Segment Start: Input material

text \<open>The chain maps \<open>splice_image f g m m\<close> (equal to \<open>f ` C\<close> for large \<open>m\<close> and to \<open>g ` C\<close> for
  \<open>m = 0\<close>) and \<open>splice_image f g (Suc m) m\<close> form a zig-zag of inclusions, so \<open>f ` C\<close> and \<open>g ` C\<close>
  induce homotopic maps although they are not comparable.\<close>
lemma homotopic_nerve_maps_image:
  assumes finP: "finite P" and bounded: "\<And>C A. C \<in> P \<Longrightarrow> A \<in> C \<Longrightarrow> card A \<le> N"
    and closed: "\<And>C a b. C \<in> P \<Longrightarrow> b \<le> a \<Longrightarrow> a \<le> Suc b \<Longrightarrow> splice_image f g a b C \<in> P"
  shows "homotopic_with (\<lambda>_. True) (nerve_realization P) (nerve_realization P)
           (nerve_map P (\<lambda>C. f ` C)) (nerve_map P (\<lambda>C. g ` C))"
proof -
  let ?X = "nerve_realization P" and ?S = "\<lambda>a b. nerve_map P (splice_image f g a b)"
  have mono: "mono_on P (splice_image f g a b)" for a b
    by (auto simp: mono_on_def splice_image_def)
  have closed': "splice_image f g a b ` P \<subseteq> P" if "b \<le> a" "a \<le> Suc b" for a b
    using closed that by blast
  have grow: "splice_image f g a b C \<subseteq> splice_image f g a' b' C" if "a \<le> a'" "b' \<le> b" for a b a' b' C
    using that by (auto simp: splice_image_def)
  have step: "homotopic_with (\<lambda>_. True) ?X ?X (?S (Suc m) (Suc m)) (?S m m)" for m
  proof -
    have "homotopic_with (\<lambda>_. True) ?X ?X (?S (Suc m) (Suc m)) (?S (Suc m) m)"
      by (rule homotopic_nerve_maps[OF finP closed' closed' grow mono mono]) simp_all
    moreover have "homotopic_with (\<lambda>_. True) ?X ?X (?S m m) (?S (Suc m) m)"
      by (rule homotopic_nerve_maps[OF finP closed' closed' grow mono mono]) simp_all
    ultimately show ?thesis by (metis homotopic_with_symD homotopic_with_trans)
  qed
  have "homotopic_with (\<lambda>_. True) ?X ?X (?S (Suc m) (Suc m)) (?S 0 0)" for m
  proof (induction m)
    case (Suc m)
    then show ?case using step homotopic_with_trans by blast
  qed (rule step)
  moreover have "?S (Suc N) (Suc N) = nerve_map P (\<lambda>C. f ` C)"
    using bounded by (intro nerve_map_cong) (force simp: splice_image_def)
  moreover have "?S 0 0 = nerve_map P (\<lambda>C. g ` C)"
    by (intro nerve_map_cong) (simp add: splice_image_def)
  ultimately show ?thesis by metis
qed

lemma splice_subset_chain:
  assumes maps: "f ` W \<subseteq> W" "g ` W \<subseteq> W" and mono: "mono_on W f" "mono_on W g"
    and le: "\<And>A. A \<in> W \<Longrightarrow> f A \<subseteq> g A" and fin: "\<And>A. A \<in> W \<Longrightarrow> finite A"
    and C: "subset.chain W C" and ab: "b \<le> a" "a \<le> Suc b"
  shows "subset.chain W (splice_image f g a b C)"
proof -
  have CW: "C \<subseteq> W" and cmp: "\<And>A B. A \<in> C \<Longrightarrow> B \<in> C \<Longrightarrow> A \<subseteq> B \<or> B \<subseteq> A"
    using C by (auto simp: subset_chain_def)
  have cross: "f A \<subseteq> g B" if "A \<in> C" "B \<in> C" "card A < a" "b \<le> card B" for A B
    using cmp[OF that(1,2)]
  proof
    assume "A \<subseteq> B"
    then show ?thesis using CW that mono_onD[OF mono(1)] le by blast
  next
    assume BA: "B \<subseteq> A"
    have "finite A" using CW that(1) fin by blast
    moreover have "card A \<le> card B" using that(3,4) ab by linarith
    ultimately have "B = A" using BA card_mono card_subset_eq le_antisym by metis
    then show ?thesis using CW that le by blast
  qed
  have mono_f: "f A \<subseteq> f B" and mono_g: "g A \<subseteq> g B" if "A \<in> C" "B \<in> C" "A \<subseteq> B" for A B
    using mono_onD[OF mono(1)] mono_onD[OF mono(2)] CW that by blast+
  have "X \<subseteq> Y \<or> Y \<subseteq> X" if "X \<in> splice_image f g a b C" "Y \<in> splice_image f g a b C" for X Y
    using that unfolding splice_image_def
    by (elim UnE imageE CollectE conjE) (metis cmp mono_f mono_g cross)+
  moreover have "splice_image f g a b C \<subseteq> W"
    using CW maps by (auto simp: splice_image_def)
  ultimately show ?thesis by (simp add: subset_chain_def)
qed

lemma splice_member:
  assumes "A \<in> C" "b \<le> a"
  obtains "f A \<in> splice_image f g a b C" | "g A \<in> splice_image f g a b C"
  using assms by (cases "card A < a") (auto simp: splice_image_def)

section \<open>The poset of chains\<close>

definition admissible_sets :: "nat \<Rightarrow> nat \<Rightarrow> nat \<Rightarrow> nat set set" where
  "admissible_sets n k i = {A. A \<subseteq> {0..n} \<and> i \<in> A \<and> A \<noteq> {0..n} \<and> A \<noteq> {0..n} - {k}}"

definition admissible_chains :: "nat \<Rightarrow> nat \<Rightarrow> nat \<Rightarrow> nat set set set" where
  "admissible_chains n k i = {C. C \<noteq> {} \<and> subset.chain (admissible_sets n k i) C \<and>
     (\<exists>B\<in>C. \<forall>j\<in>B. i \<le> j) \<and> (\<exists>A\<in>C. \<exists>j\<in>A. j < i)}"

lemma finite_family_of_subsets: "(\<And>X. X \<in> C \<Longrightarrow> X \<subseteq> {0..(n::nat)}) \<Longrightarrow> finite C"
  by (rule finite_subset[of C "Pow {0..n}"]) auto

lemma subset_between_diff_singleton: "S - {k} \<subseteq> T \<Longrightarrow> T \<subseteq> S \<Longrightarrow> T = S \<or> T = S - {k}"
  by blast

Segment End: Input material

Repeat the data in full. Alter nothing.

▶ [Answer for this exercise]
text \<open>The chain maps \<open>splice_image f g m m\<close> (equal to \<open>f ` C\<close> for large \<open>m\<close> and to \<open>g ` C\<close> for
  \<open>m = 0\<close>) and \<open>splice_image f g (Suc m) m\<close> form a zig-zag of inclusions, so \<open>f ` C\<close> and \<open>g ` C\<close>
  induce homotopic maps although they are not comparable.\<close>
lemma homotopic_nerve_maps_image:
  assumes finP: "finite P" and bounded: "\<And>C A. C \<in> P \<Longrightarrow> A \<in> C \<Longrightarrow> card A \<le> N"
    and closed: "\<And>C a b. C \<in> P \<Longrightarrow> b \<le> a \<Longrightarrow> a \<le> Suc b \<Longrightarrow> splice_image f g a b C \<in> P"
  shows "homotopic_with (\<lambda>_. True) (nerve_realization P) (nerve_realization P)
           (nerve_map P (\<lambda>C. f ` C)) (nerve_map P (\<lambda>C. g ` C))"
proof -
  let ?X = "nerve_realization P" and ?S = "\<lambda>a b. nerve_map P (splice_image f g a b)"
  have mono: "mono_on P (splice_image f g a b)" for a b
    by (auto simp: mono_on_def splice_image_def)
  have closed': "splice_image f g a b ` P \<subseteq> P" if "b \<le> a" "a \<le> Suc b" for a b
    using closed that by blast
  have grow: "splice_image f g a b C \<subseteq> splice_image f g a' b' C" if "a \<le> a'" "b' \<le> b" for a b a' b' C
    using that by (auto simp: splice_image_def)
  have step: "homotopic_with (\<lambda>_. True) ?X ?X (?S (Suc m) (Suc m)) (?S m m)" for m
  proof -
    have "homotopic_with (\<lambda>_. True) ?X ?X (?S (Suc m) (Suc m)) (?S (Suc m) m)"
      by (rule homotopic_nerve_maps[OF finP closed' closed' grow mono mono]) simp_all
    moreover have "homotopic_with (\<lambda>_. True) ?X ?X (?S m m) (?S (Suc m) m)"
      by (rule homotopic_nerve_maps[OF finP closed' closed' grow mono mono]) simp_all
    ultimately show ?thesis by (metis homotopic_with_symD homotopic_with_trans)
  qed
  have "homotopic_with (\<lambda>_. True) ?X ?X (?S (Suc m) (Suc m)) (?S 0 0)" for m
  proof (induction m)
    case (Suc m)
    then show ?case using step homotopic_with_trans by blast
  qed (rule step)
  moreover have "?S (Suc N) (Suc N) = nerve_map P (\<lambda>C. f ` C)"
    using bounded by (intro nerve_map_cong) (force simp: splice_image_def)
  moreover have "?S 0 0 = nerve_map P (\<lambda>C. g ` C)"
    by (intro nerve_map_cong) (simp add: splice_image_def)
  ultimately show ?thesis by metis
qed

lemma splice_subset_chain:
  assumes maps: "f ` W \<subseteq> W" "g ` W \<subseteq> W" and mono: "mono_on W f" "mono_on W g"
    and le: "\<And>A. A \<in> W \<Longrightarrow> f A \<subseteq> g A" and fin: "\<And>A. A \<in> W \<Longrightarrow> finite A"
    and C: "subset.chain W C" and ab: "b \<le> a" "a \<le> Suc b"
  shows "subset.chain W (splice_image f g a b C)"
proof -
  have CW: "C \<subseteq> W" and cmp: "\<And>A B. A \<in> C \<Longrightarrow> B \<in> C \<Longrightarrow> A \<subseteq> B \<or> B \<subseteq> A"
    using C by (auto simp: subset_chain_def)
  have cross: "f A \<subseteq> g B" if "A \<in> C" "B \<in> C" "card A < a" "b \<le> card B" for A B
    using cmp[OF that(1,2)]
  proof
    assume "A \<subseteq> B"
    then show ?thesis using CW that mono_onD[OF mono(1)] le by blast
  next
    assume BA: "B \<subseteq> A"
    have "finite A" using CW that(1) fin by blast
    moreover have "card A \<le> card B" using that(3,4) ab by linarith
    ultimately have "B = A" using BA card_mono card_subset_eq le_antisym by metis
    then show ?thesis using CW that le by blast
  qed
  have mono_f: "f A \<subseteq> f B" and mono_g: "g A \<subseteq> g B" if "A \<in> C" "B \<in> C" "A \<subseteq> B" for A B
    using mono_onD[OF mono(1)] mono_onD[OF mono(2)] CW that by blast+
  have "X \<subseteq> Y \<or> Y \<subseteq> X" if "X \<in> splice_image f g a b C" "Y \<in> splice_image f g a b C" for X Y
    using that unfolding splice_image_def
    by (elim UnE imageE CollectE conjE) (metis cmp mono_f mono_g cross)+
  moreover have "splice_image f g a b C \<subseteq> W"
    using CW maps by (auto simp: splice_image_def)
  ultimately show ?thesis by (simp add: subset_chain_def)
qed

lemma splice_member:
  assumes "A \<in> C" "b \<le> a"
  obtains "f A \<in> splice_image f g a b C" | "g A \<in> splice_image f g a b C"
  using assms by (cases "card A < a") (auto simp: splice_image_def)

section \<open>The poset of chains\<close>

definition admissible_sets :: "nat \<Rightarrow> nat \<Rightarrow> nat \<Rightarrow> nat set set" where
  "admissible_sets n k i = {A. A \<subseteq> {0..n} \<and> i \<in> A \<and> A \<noteq> {0..n} \<and> A \<noteq> {0..n} - {k}}"

definition admissible_chains :: "nat \<Rightarrow> nat \<Rightarrow> nat \<Rightarrow> nat set set set" where
  "admissible_chains n k i = {C. C \<noteq> {} \<and> subset.chain (admissible_sets n k i) C \<and>
     (\<exists>B\<in>C. \<forall>j\<in>B. i \<le> j) \<and> (\<exists>A\<in>C. \<exists>j\<in>A. j < i)}"

lemma finite_family_of_subsets: "(\<And>X. X \<in> C \<Longrightarrow> X \<subseteq> {0..(n::nat)}) \<Longrightarrow> finite C"
  by (rule finite_subset[of C "Pow {0..n}"]) auto

lemma subset_between_diff_singleton: "S - {k} \<subseteq> T \<Longrightarrow> T \<subseteq> S \<Longrightarrow> T = S \<or> T = S - {k}"
  by blast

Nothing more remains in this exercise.